GoogleCloudContentwarehouseV1GcsIngestWithDocAiProcessorsPipeline

AI Overview😉

  • Potential purpose of module: This module appears to be responsible for configuring and processing documents uploaded to Google Cloud Storage using DocAI (Document AI) processors. It extracts relevant information from the documents, classifies them, and stores the results in a Cloud Storage folder.
  • Impact on search results: The output of this module could influence search results by providing more accurate and relevant information about documents stored in Cloud Storage. This could lead to improved search rankings for documents that are accurately classified and extracted, making them more discoverable by users.
  • Optimization for this function: To be more favorable for this function, a website could ensure that their documents uploaded to Cloud Storage are well-structured, contain relevant metadata, and are easily accessible. Additionally, they could provide clear and concise classification information to help the DocAI processors accurately extract and classify the documents.

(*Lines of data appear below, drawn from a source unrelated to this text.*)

theorem lemma5:
  fixes \<mu> :: "real measure"
    and u ux uxx ut :: "real \<Rightarrow> real \<Rightarrow> real"
    and \<gamma> :: real
  assumes mu_borel: "sets \<mu> = sets borel"
    and mu_finite: "finite_measure \<mu>"
    and mu_support: "emeasure \<mu> {..0} = 0"
    and mu_nonzero: "emeasure \<mu> UNIV \<noteq> 0"
    and mu_int: "\<forall>z. integrable \<mu> (\<lambda>y. y * exp (y * z))"
    and u_smooth: "smooth2_on ({0<..} \<times> {0..}) (\<lambda>(x, t). u x t)"
    and u_x: "\<forall>x>0. \<forall>t\<ge>0. ((\<lambda>x'. u x' t) has_real_derivative ux x t) (at x)"
    and u_xx: "\<forall>x>0. \<forall>t\<ge>0. ((\<lambda>x'. ux x' t) has_real_derivative uxx x t) (at x)"
    and u_t: "\<forall>x>0. \<forall>t\<ge>0. ((\<lambda>t'. u x t') has_real_derivative ut x t) (at t within {0..})"
    and u_incr: "\<forall>t\<ge>0. strict_mono_on {0<..} (\<lambda>x. u x t)"
    and u_conc: "\<forall>t\<ge>0. strict_concave_on {0<..} (\<lambda>x. u x t)"
    and u_pde: "\<forall>x>0. \<forall>t\<ge>0. ut x t = (1/2) * (ux x t)\<^sup>2 / uxx x t"
    and u_h: "\<forall>z. \<forall>t\<ge>0. ux (hfun \<mu> z t) t = exp (- z + t / 2)"
    and gamma: "\<gamma> < 1" "\<gamma> \<noteq> 0"
  shows "((\<forall>\<gamma>'. \<gamma> < \<gamma>' \<and> \<gamma>' < 1 \<longrightarrow>
              ((\<lambda>x. ux x 0 / x powr (\<gamma>' - 1)) \<longlongrightarrow> 0) at_top) \<and>
          (\<forall>\<gamma>''. \<gamma>'' < \<gamma> \<longrightarrow>
              filterlim (\<lambda>x. ux x 0 / x powr (\<gamma>'' - 1)) at_top at_top))
     \<longleftrightarrow>
         (\<forall>k>0. ((\<lambda>x. ux (k * x) 0 / ux x 0) \<longlongrightarrow> k powr (\<gamma> - 1)) at_top)"
proof -
  define f where "f x = ux x 0" for x
  define g where "g z = (\<integral>y. exp (y * z) \<partial>\<mu>)" for z
  have U: "strict_mono_on {0<..} (\<lambda>x. u x 0)" "strict_concave_on {0<..} (\<lambda>x. u x 0)"
    "\<And>x. 0 < x \<Longrightarrow> ((\<lambda>x. u x 0) has_real_derivative f x) (at x)"
    using u_incr u_conc u_x by (simp_all add: f_def)
  have f_pos: "0 < f x" if "0 < x" for x
    using strict_mono_concave_on_deriv_pos[OF U(1) strict_concave_on_imp_concave_on[OF U(2)]
        _ _ U(3)[OF that], of "x + 1"] that by simp
  have f_antimono: "f y < f x" if "0 < x" "x < y" for x y
    using strict_concave_on_deriv_strict_antimono[OF U(2) _ _ U(3)] that by simp
  have "AE y in \<mu>. 0 < y"
    by (rule AE_I'[of "{..0}"]) (use mu_support mu_borel in \<open>auto simp: null_sets_def\<close>)
  then have int: "integrable \<mu> (\<lambda>y. exp (y * z))" for z
    using integrable_exp_mult_if_integrable_mult_exp[OF mu_finite mu_borel] mu_int by blast
  have g_pos: "0 < g z" for z
    using integral_exp_mult_pos[OF int] mu_nonzero sets_eq_imp_space_eq[OF mu_borel] by (simp add: g_def)
  have inverse: "f (g z) = exp (- z)" for z
  proof -
    have "ux (hfun \<mu> z 0) 0 = exp (- z + 0 / 2)" using u_h by blast
    then show ?thesis by (simp add: f_def g_def hfun_def)
  qed
  define G where "G s = - ln (f (exp s))" for s
  from concave_mono_of_inverse_log_convex[OF f_pos f_antimono g_pos _ inverse]
  have "concave_on UNIV G" "mono G"
    using convex_on_ln_integral_exp_mult[OF int g_pos[unfolded g_def]]
    unfolding G_def [abs_def] by (simp_all add: g_def)
  moreover have "f (exp s) = exp (- G s)" for s
    using f_pos by (simp add: G_def)
  ultimately show ?thesis
    using power_bounds_iff_regular_variation[of f G, OF _ _ _ gamma(1)] unfolding f_def by blast
qed

end
lemma psi_coeff_eq: "psi_coeff n = (if is_square (8 * n + 1) then 1 else 0)"
proof (cases "is_square (8 * n + 1)")
  case True
  then obtain k where k: "k * (k + 1) div 2 = n" using triangular_nat_iff_square by blast
  then have "{k. k * (k + 1) div 2 = n} = {k}"
    using strict_mono_eq[OF strict_mono_triangular_nat] by auto
  with True show ?thesis by (simp add: psi_coeff_def)
next
  case False
  then have "{k. k * (k + 1) div 2 = n} = {}" using triangular_nat_iff_square by blast
  with False show ?thesis by (simp add: psi_coeff_def)
qed

lemma b4_cong_0_of_not_square: "\<not> is_square (8 * m + 1) \<Longrightarrow> [b 4 m = 0] (mod 2)"
  using b4_cong_psi_coeff[of m] by (simp add: psi_coeff_eq)

lemma odd_square_eq:
  assumes "odd r"
  shows "r ^ 2 = 8 * ((r ^ 2 - 1) div 8) + (1 :: nat)"
proof -
  from assms obtain k where "r = 2 * k + 1" by (rule oddE)
  then have "r ^ 2 = 8 * (k * (k + 1) div 2) + 1" by (simp only: odd_square_triangular)
  then show ?thesis by simp
qed

lemma is_square_mult_square_iff: "0 < r \<Longrightarrow> is_square (r ^ 2 * x) \<longleftrightarrow> is_square (x :: nat)"
  by (rule is_nth_power_mult_cancel_left) auto

lemma not_is_square_prime_mult:
  assumes "prime p" "\<not> p dvd x"
  shows "\<not> is_square (p * x :: nat)"
proof
  assume "is_square (p * x)"
  then obtain t where t: "p * x = t ^ 2" by (auto elim: is_nth_powerE)
  then have "p dvd t" using assms(1) by (metis dvd_triv_left prime_dvd_power)
  then obtain u where "t = p * u" ..
  with t assms(1) have "x = p * u ^ 2" by (simp add: power2_eq_square prime_gt_0_nat)
  with assms(2) show False by simp
qed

Interesting Module? Vote 👇

Voting helps other researchers find interesting modules.

Current Votes: 0

GoogleApi.ContentWarehouse.V1.Model.GoogleCloudContentwarehouseV1GcsIngestWithDocAiProcessorsPipeline (google_api_content_warehouse v0.4.0)

The configuration of the Cloud Storage Ingestion with DocAI Processors pipeline.

Attributes

  • extractProcessorInfos (type: list(GoogleApi.ContentWarehouse.V1.Model.GoogleCloudContentwarehouseV1ProcessorInfo.t), default: nil) - The extract processors information. One matched extract processor will be used to process documents based on the classify processor result. If no classify processor is specified, the first extract processor will be used.
  • inputPath (type: String.t, default: nil) - The input Cloud Storage folder. All files under this folder will be imported to Document Warehouse. Format: gs:///.
  • pipelineConfig (type: GoogleApi.ContentWarehouse.V1.Model.GoogleCloudContentwarehouseV1IngestPipelineConfig.t, default: nil) - Optional. The config for the Cloud Storage Ingestion with DocAI Processors pipeline. It provides additional customization options to run the pipeline and can be skipped if it is not applicable.
  • processorResultsFolderPath (type: String.t, default: nil) - The Cloud Storage folder path used to store the raw results from processors. Format: gs:///.
  • skipIngestedDocuments (type: boolean(), default: nil) - The flag whether to skip ingested documents. If it is set to true, documents in Cloud Storage contains key "status" with value "status=ingested" in custom metadata will be skipped to ingest.
  • splitClassifyProcessorInfo (type: GoogleApi.ContentWarehouse.V1.Model.GoogleCloudContentwarehouseV1ProcessorInfo.t, default: nil) - The split and classify processor information. The split and classify result will be used to find a matched extract processor.

Summary

Types

t()

Functions

decode(value, options)

Unwrap a decoded JSON object into its complex fields.

Types

Link to this type

t()

@type t() ::
  %GoogleApi.ContentWarehouse.V1.Model.GoogleCloudContentwarehouseV1GcsIngestWithDocAiProcessorsPipeline{
    extractProcessorInfos:
      [
        GoogleApi.ContentWarehouse.V1.Model.GoogleCloudContentwarehouseV1ProcessorInfo.t()
      ]
      | nil,
    inputPath: String.t() | nil,
    pipelineConfig:
      GoogleApi.ContentWarehouse.V1.Model.GoogleCloudContentwarehouseV1IngestPipelineConfig.t()
      | nil,
    processorResultsFolderPath: String.t() | nil,
    skipIngestedDocuments: boolean() | nil,
    splitClassifyProcessorInfo:
      GoogleApi.ContentWarehouse.V1.Model.GoogleCloudContentwarehouseV1ProcessorInfo.t()
      | nil
  }

Functions

Link to this function

decode(value, options)

@spec decode(struct(), keyword()) :: struct()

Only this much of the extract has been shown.